- **PROBLEM DETAILS**: Every line from the one containing "(sym_group 23) \<lparr>" to the one containing "acting on the" in the records below, both included, must be set down exactly, and no other line.

==== DATA FOR ANALYSIS

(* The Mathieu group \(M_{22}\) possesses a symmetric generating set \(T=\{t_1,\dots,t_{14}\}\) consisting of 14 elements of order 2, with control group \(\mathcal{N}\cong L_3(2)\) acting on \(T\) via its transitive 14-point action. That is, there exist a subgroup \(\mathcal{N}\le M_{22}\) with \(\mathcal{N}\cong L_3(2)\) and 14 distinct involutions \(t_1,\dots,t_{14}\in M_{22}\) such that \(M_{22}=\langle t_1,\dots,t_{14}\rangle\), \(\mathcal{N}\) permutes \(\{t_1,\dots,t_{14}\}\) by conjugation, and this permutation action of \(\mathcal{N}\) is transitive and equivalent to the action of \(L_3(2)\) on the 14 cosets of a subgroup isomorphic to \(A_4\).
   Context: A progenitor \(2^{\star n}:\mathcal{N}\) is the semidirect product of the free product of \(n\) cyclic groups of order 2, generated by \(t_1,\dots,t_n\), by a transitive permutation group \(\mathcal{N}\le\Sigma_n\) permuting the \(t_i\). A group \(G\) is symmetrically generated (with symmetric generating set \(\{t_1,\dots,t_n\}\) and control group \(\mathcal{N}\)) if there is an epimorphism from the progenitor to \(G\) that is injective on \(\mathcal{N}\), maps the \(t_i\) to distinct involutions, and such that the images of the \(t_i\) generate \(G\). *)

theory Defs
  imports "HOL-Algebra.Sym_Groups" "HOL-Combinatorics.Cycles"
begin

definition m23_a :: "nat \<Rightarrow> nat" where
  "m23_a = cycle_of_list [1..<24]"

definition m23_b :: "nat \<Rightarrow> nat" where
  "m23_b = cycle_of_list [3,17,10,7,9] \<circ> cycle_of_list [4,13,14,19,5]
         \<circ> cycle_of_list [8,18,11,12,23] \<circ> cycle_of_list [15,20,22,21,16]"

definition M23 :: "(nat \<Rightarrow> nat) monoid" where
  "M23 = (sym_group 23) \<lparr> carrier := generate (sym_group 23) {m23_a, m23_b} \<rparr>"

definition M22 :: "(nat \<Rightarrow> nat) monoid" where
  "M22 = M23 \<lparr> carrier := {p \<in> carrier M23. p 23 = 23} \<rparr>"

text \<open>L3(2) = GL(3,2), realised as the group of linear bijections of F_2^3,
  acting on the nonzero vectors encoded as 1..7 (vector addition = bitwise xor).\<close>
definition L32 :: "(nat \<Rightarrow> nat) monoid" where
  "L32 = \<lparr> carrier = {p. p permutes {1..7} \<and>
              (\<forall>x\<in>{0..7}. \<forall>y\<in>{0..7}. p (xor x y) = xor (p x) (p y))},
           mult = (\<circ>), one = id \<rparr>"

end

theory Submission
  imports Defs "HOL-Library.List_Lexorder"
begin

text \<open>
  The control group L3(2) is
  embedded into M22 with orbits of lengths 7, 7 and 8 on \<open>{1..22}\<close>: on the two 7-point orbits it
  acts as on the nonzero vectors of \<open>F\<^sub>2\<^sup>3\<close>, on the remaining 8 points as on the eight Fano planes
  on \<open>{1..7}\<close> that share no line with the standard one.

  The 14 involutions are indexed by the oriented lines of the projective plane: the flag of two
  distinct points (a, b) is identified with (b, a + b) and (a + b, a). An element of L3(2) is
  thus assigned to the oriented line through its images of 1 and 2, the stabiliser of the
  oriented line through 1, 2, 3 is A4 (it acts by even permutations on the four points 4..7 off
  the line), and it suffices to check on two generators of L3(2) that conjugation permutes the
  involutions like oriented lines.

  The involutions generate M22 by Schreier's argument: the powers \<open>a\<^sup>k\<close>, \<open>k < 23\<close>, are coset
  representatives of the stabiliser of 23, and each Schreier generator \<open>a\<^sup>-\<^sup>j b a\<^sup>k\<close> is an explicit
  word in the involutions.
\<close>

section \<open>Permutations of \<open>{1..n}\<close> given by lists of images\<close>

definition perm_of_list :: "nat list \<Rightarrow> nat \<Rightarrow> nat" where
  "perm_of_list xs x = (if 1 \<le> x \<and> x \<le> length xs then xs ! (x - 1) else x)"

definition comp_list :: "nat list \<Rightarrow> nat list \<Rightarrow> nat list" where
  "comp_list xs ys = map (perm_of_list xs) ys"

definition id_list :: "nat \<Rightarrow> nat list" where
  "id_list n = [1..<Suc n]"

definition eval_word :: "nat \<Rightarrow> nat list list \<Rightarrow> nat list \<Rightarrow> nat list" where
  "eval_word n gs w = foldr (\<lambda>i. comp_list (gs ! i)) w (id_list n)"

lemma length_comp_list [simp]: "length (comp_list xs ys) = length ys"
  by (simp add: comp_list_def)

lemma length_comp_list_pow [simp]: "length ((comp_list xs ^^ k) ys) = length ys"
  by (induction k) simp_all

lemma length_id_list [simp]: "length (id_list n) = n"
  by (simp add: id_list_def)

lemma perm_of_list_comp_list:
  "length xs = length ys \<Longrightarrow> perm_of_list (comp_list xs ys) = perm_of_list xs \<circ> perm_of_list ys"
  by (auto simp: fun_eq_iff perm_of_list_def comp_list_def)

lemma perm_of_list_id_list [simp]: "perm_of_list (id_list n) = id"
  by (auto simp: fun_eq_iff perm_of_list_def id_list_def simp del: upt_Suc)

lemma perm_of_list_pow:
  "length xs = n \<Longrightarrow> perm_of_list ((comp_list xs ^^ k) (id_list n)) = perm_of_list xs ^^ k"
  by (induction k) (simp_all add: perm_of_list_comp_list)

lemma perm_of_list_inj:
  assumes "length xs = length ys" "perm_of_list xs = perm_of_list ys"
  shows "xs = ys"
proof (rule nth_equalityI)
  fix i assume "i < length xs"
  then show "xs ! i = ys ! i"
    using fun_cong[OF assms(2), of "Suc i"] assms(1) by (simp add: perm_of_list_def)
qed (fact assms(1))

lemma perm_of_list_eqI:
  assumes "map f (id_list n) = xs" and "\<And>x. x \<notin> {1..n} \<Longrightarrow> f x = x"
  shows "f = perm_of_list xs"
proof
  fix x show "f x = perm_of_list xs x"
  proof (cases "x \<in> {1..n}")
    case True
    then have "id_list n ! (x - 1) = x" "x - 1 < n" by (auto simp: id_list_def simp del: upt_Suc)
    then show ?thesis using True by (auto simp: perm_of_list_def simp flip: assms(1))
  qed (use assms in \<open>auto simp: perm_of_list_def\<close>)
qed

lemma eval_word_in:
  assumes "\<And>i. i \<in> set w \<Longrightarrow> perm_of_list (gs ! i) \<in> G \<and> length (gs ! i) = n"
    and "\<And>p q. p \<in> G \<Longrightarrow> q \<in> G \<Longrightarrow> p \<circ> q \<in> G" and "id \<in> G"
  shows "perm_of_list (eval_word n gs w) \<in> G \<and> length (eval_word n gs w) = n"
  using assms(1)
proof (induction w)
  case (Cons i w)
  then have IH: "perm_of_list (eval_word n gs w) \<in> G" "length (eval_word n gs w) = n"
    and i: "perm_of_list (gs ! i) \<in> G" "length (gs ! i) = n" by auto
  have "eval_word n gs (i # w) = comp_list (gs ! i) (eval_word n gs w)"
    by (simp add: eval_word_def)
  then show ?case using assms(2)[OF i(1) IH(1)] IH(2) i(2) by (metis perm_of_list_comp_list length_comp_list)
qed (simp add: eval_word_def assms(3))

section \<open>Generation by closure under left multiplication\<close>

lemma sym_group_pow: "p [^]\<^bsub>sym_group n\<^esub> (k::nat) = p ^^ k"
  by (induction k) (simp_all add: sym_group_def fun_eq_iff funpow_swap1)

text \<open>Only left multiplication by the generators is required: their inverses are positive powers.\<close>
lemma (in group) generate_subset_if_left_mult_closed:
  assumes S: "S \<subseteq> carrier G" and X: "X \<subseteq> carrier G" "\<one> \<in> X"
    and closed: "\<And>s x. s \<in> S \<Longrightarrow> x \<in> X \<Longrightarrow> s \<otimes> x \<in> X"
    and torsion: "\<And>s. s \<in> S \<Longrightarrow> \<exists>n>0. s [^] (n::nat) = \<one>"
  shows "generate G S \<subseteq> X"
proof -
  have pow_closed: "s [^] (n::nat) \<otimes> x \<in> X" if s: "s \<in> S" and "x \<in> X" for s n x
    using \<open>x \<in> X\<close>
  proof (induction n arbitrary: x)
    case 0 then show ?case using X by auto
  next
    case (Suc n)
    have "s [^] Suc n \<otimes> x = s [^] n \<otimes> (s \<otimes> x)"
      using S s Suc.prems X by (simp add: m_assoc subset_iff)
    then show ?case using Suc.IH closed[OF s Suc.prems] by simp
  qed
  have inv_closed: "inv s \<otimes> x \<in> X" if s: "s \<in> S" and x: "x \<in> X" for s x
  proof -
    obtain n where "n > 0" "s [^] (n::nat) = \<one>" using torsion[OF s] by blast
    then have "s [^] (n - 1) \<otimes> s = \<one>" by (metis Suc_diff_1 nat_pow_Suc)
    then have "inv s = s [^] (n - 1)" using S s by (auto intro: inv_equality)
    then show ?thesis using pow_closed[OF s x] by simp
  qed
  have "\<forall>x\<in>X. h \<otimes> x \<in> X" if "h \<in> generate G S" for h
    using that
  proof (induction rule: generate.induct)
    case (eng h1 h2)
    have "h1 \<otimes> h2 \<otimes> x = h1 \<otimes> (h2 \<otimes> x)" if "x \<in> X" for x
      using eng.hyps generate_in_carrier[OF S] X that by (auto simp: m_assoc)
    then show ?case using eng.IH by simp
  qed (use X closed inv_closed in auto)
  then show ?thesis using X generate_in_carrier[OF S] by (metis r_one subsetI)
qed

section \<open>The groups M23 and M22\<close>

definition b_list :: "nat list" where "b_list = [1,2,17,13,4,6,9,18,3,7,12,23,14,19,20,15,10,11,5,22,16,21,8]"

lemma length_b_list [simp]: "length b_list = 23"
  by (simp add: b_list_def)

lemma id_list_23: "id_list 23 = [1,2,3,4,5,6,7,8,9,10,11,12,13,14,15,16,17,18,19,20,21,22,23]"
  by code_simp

========

- **RESULT FOR THIS EXERCISE**:
  "M23 = (sym_group 23) \<lparr> carrier := generate (sym_group 23) {m23_a, m23_b} \<rparr>"

definition M22 :: "(nat \<Rightarrow> nat) monoid" where
  "M22 = M23 \<lparr> carrier := {p \<in> carrier M23. p 23 = 23} \<rparr>"

text \<open>L3(2) = GL(3,2), realised as the group of linear bijections of F_2^3,
  acting on the nonzero vectors encoded as 1..7 (vector addition = bitwise xor).\<close>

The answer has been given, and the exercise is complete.